Vivo in Sicilia. L’isola, ormai da qualche decennio, vive un progressivo impoverimento delle proprie risorse giovani. Negli anni del secondo dopoguerra dalla Sicilia partivano gli emigrati con le valige di cartone per emigrare nei paesi del Nord e trovare un lavoro (spesso senza fare più ritorno). Ora numerosi laureati nelle università del Nord Italia, specie in discipline scientifiche o economiche, vivono e lavorano in altre sedi, spesso all’estero. Sono le migliori intelligenze del nostro Paese, e anche adesso quasi mai fanno ritorno nelle terre d’origine. Questo determina un progressivo invecchiamento della popolazione, un depauperamento, di cui coglieremo appieno le conseguenze tra qualche decennio, quando un fenomeno del genere finirà per allargare sempre di più il divario tra le diverse aree del Paese.
Sono passati 160 anni dall’unità d’Italia. Nel 1861 il meridione (regno assoluto dei Borbone, con territori che conservavano vaste sacche di povertà nelle zone interne) aveva un sistema bancario tra i più floridi d’Europa e risorse finanziarie che velocemente presero la via del Nord. I “capitali” si trasferirono subito verso Torino e il Banco delle due Sicilie (poi divenuto banco di Napoli) passò sotto la guida di funzionari piemontesi.
Oggi, in un contesto profondamente diverso, il Sud continua a versare lacrime sulle sue piaghe senza alcuna capacità di programmare al meglio il proprio futuro. Così è stato negli anni della “Cassa del Mezzogiorno”, quando ingenti risorse arrivarono nelle regioni meridionali, ma quasi mai vennero spesi per favorire uno sviluppo reale; così negli anni dell’industrializzazione (Gela, Priolo, Termini Imerese, Pomigliano d’Arco, l’Ilva di Taranto, Rwm Italia nel Sulcis). Oggi restano solo le macerie, la storia di uno sviluppo fallito e di un territorio che è stato massacrato. Resiste – ed è anzi più florida purtroppo – solo la fabbrica di armi del Sud Sardegna.

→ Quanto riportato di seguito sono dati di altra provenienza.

lemma independent_far_from_n_dim_subspaces:
  fixes S :: "'a::real_inner set"
  assumes "finite S" "independent S" "n < card S"
  obtains \<epsilon> where "0 < \<epsilon>" "\<And>E. n_dim_subspace E n \<Longrightarrow> \<exists>v\<in>S. \<epsilon> \<le> infdist v E"
proof -
  define N where "N = real (card S)"
  define m where "m = Min ((\<lambda>v. infdist v (span (S - {v}))) ` S)"
  have "S \<noteq> {}" "0 < N"
    using assms(3) by (auto simp: N_def)
  have "0 < m"
    unfolding m_def using assms(1,2) \<open>S \<noteq> {}\<close> by (simp add: Min_gr_iff infdist_span_remove_pos)
  have m_le: "m \<le> infdist v (span (S - {v}))" if "v \<in> S" for v
    unfolding m_def using assms(1) that by simp
  show thesis
  proof (rule that)
    show "0 < m / (2 * N)"
      using \<open>0 < m\<close> \<open>0 < N\<close> by simp
    fix E :: "'a set"
    assume "n_dim_subspace E n"
    then obtain BE where BE: "finite BE" "card BE = n" "E = span BE"
      by (rule n_dim_subspaceE)
    show "\<exists>v\<in>S. m / (2 * N) \<le> infdist v E"
    proof (rule ccontr)
      \<comment> \<open>A vanishing combination of the projections \<open>orth_proj E v\<close> gives
        \<open>norm (\<Sum>a v *\<^sub>R v) \<le> m / (2 N) * \<Sum>\<bar>a v\<bar>\<close>, while the distance of each \<open>v\<close> to the span
        of the others gives \<open>norm (\<Sum>a v *\<^sub>R v) \<ge> m / N * \<Sum>\<bar>a v\<bar>\<close>.\<close>
      assume "\<not> ?thesis"
      then have close: "norm (v - orth_proj E v) \<le> m / (2 * N)" if "v \<in> S" for v
        using that BE by (auto simp: infdist_span_eq_norm_sub_orth_proj)
      have "card BE < card S"
        using BE(2) assms(3) by simp
      moreover have "orth_proj E ` S \<subseteq> span BE"
        using orth_proj_span(1)[OF BE(1)] BE(3) by blast
      ultimately obtain a where a: "(\<Sum>v\<in>S. a v *\<^sub>R orth_proj E v) = 0" "\<exists>v\<in>S. a v \<noteq> 0"
        by (rule nontrivial_vanishing_combination_exists[OF assms(1) BE(1)])
      then obtain v0 where "v0 \<in> S" "a v0 \<noteq> 0"
        by blast
      define A where "A = (\<Sum>v\<in>S. \<bar>a v\<bar>)"
      have "0 < A"
        unfolding A_def by (rule sum_pos2[OF assms(1) \<open>v0 \<in> S\<close>]) (simp_all add: \<open>a v0 \<noteq> 0\<close>)
      have "m * A \<le> (\<Sum>v\<in>S. \<bar>a v\<bar> * infdist v (span (S - {v})))"
        unfolding A_def sum_distrib_left
      proof (rule sum_mono)
        fix v assume "v \<in> S"
        show "m * \<bar>a v\<bar> \<le> \<bar>a v\<bar> * infdist v (span (S - {v}))"
          using mult_right_mono[OF m_le[OF \<open>v \<in> S\<close>], of "\<bar>a v\<bar>"] by (simp add: mult.commute)
      qed
      also have "\<dots> \<le> (\<Sum>v\<in>S. norm (\<Sum>w\<in>S. a w *\<^sub>R w))"
        by (rule sum_mono) (rule abs_coeff_mult_infdist_le_norm_sum[OF assms(1)])
      finally have lower: "m * A \<le> N * norm (\<Sum>v\<in>S. a v *\<^sub>R v)"
        by (simp add: N_def)
      have "(\<Sum>v\<in>S. a v *\<^sub>R v) = (\<Sum>v\<in>S. a v *\<^sub>R (v - orth_proj E v))"
        using a(1) by (simp add: scaleR_diff_right sum_subtractf)
      also have "norm \<dots> \<le> (\<Sum>v\<in>S. \<bar>a v\<bar> * (m / (2 * N)))"
      proof (intro order.trans[OF norm_sum] sum_mono)
        fix v assume "v \<in> S"
        show "norm (a v *\<^sub>R (v - orth_proj E v)) \<le> \<bar>a v\<bar> * (m / (2 * N))"
          unfolding norm_scaleR using close[OF \<open>v \<in> S\<close>] by (rule mult_left_mono) simp
      qed
      finally have upper: "norm (\<Sum>v\<in>S. a v *\<^sub>R v) \<le> A * (m / (2 * N))"
        by (simp only: A_def sum_distrib_right)
      have "N * norm (\<Sum>v\<in>S. a v *\<^sub>R v) \<le> N * (A * (m / (2 * N)))"
        using upper \<open>0 < N\<close> by (intro mult_left_mono) simp_all
      also have "\<dots> = m * A / 2"
        using \<open>0 < N\<close> by simp
      finally show False
        using lower mult_pos_pos[OF \<open>0 < m\<close> \<open>0 < A\<close>] by linarith
    qed
  qed
qed

lemma bdd_above_infdist_image:
  assumes "compact K"
  shows "bdd_above ((\<lambda>u. infdist u E) ` K)"
  using compact_continuous_image[OF _ assms, of "\<lambda>u. infdist u E"]
  by (simp add: continuous_on_infdist bounded_imp_bdd_above compact_imp_bounded)

lemma infdist_le_SUP:
  assumes "compact K" "u \<in> K"
  shows "infdist u E \<le> (SUP v\<in>K. infdist v E)"
  by (rule cSUP_upper[OF assms(2) bdd_above_infdist_image[OF assms(1)]])

lemma SUP_infdist_nonneg:
  assumes "compact K" "K \<noteq> {}"
  shows "0 \<le> (SUP u\<in>K. infdist u E)"
proof -
  obtain u where "u \<in> K"
    using assms(2) by blast
  then have "infdist u E \<le> (SUP v\<in>K. infdist v E)"
    by (rule infdist_le_SUP[OF assms(1)])
  then show ?thesis
    using infdist_nonneg[of u E] by linarith
qed
(* Let $R$ be a finite commutative local Frobenius ring with residue field $\mathbb{F}_q$. For $i=1,2$, let $C_i$ be a non-free linear code of length $n$ over $R$, and suppose $C_1+C_2=R^n$. Then $C_1\cap C_2\neq\{\mathbf{0}\}$; that is, $\{C_1,C_2\}$ is an $\ell$-DLIP for some $\ell\neq 0$.
   Context: A linear code of length $n$ over $R$ is an $R$-submodule of $R^n$; it is free if it is a free $R$-module. $\dim(C):=\log_q|C|$, and a pair $\{C,D\}$ is an $\ell$-DLIP if $\dim(C\cap D)=\ell$. *)

theory Defs
  imports "HOL-Analysis.Analysis"
begin

definition ring_ideal :: "'a::comm_ring_1 set \<Rightarrow> bool" where
  "ring_ideal I \<longleftrightarrow> module.subspace ((*) :: 'a \<Rightarrow> 'a \<Rightarrow> 'a) I"

definition maximal_ideal :: "'a::comm_ring_1 set \<Rightarrow> bool" where
  "maximal_ideal M \<longleftrightarrow> ring_ideal M \<and> M \<noteq> UNIV \<and>
     (\<forall>J. ring_ideal J \<and> M \<subseteq> J \<longrightarrow> J = M \<or> J = UNIV)"

definition minimal_ideal :: "'a::comm_ring_1 set \<Rightarrow> bool" where
  "minimal_ideal I \<longleftrightarrow> ring_ideal I \<and> I \<noteq> {0} \<and>
     (\<forall>J. ring_ideal J \<and> J \<subseteq> I \<longrightarrow> J = {0} \<or> J = I)"

definition local_ring :: "'a::comm_ring_1 itself \<Rightarrow> bool" where
  "local_ring _ \<longleftrightarrow> (\<exists>!M::'a set. maximal_ideal M)"

definition socle :: "'a::comm_ring_1 itself \<Rightarrow> 'a set" where
  "socle _ = module.span ((*) :: 'a \<Rightarrow> 'a \<Rightarrow> 'a) (\<Union>{I::'a set. minimal_ideal I})"

text \<open>A finite commutative ring is Frobenius iff its socle is a principal ideal.\<close>
definition frobenius_ring :: "'a::comm_ring_1 itself \<Rightarrow> bool" where
  "frobenius_ring T \<longleftrightarrow> (\<exists>a::'a. socle T = {r * a | r. r \<in> UNIV})"

definition vscale :: "'a::comm_ring_1 \<Rightarrow> 'a ^ 'n \<Rightarrow> 'a ^ 'n" where
  "vscale r x = (\<chi> i. r * x $ i)"

definition linear_code :: "('a::comm_ring_1 ^ 'n) set \<Rightarrow> bool" where
  "linear_code C \<longleftrightarrow> module.subspace (vscale :: 'a \<Rightarrow> 'a ^ 'n \<Rightarrow> 'a ^ 'n) C"

definition free_code :: "('a::comm_ring_1 ^ 'n) set \<Rightarrow> bool" where
  "free_code C \<longleftrightarrow> (\<exists>B \<subseteq> C. \<not> module.dependent (vscale :: 'a \<Rightarrow> 'a ^ 'n \<Rightarrow> 'a ^ 'n) B \<and>
                             module.span (vscale :: 'a \<Rightarrow> 'a ^ 'n \<Rightarrow> 'a ^ 'n) B = C)"

end

theory Submission
  imports Defs
begin
(* Let $n\geq 2$ and let $\theta$ be a domestic duality of the building $\mathsf{A}_n(2)$ (the projective space $\mathsf{PG}(n,2)$). Then either $\theta$ is an exceptional domestic duality, or $n$ is odd and $\theta$ is a symplectic polarity.
   Context: Vertices of type $i$ of $\mathsf{PG}(n,2)$ are the $(i-1)$-dimensional projective subspaces. A duality is an automorphism with type map $i\mapsto n+1-i$. Simplices are opposite if every chamber containing either is opposite some chamber containing the other. $\theta$ is domestic if no chamber is mapped to an opposite chamber; it is exceptional domestic if it is domestic and for every type $i$ there is a simplex whose type contains $i$ mapped to an opposite simplex. A symplectic polarity is a duality $U\mapsto U^\perp$ for a nondegenerate alternating form on $\mathbb{F}_2^{n+1}$. *)

theory Defs
  imports Main "HOL-Library.Z2"
begin

text \<open>The vector space F_2^(n+1), realised as functions nat => bit supported on {0..n}.\<close>

definition Vec :: "nat \<Rightarrow> (nat \<Rightarrow> bit) set" where
  "Vec n = {v. \<forall>i>n. v i = 0}"

definition vadd :: "(nat \<Rightarrow> bit) \<Rightarrow> (nat \<Rightarrow> bit) \<Rightarrow> (nat \<Rightarrow> bit)" where
  "vadd x y = (\<lambda>i. x i + y i)"

definition vzero :: "nat \<Rightarrow> bit" where
  "vzero = (\<lambda>i. 0)"

text \<open>Linear subspaces of F_2^(n+1) (over F_2, scalar closure is automatic).\<close>
definition subspace2 :: "nat \<Rightarrow> (nat \<Rightarrow> bit) set \<Rightarrow> bool" where
  "subspace2 n U \<longleftrightarrow> U \<subseteq> Vec n \<and> vzero \<in> U \<and> (\<forall>x\<in>U. \<forall>y\<in>U. vadd x y \<in> U)"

Ora, l’autonomia differenziata. Cosa cambierà per la Sicilia e per le altre regioni meridionali? La storia ci dirà se essa avrà fatto bene al Paese o se sarà servita a marcare le differenze. La cronaca di questi giorni ci dirà come si muoverà il Paese e le sue forze politiche e sociali. Che forse sull’autonomia differenziata si sono svegliati troppo tardi.
Si promuoverà un referendum. Che sarà – ancora una volta – una prova di forze tra le correnti politiche. Che potrà servire – a seconda di quale punto di vista si vorrà considerare – a salvare il Paese dai rischi di uno sfaldamento o potrà imprimere una svolta al suo sviluppo.
Ci si augura che il voto referendario sia consapevole e si basi sui fatti. Che non sia solo supportato da logiche correntizie e di partito. Ma questo forse oggi è chiedere troppo alla maturità di questo Paese e del suo elettorato. Sempre più lontano – complici anche le riforme elettorali – dalla politica italiana. E che sempre più in massa diserta le urne al momento del voto.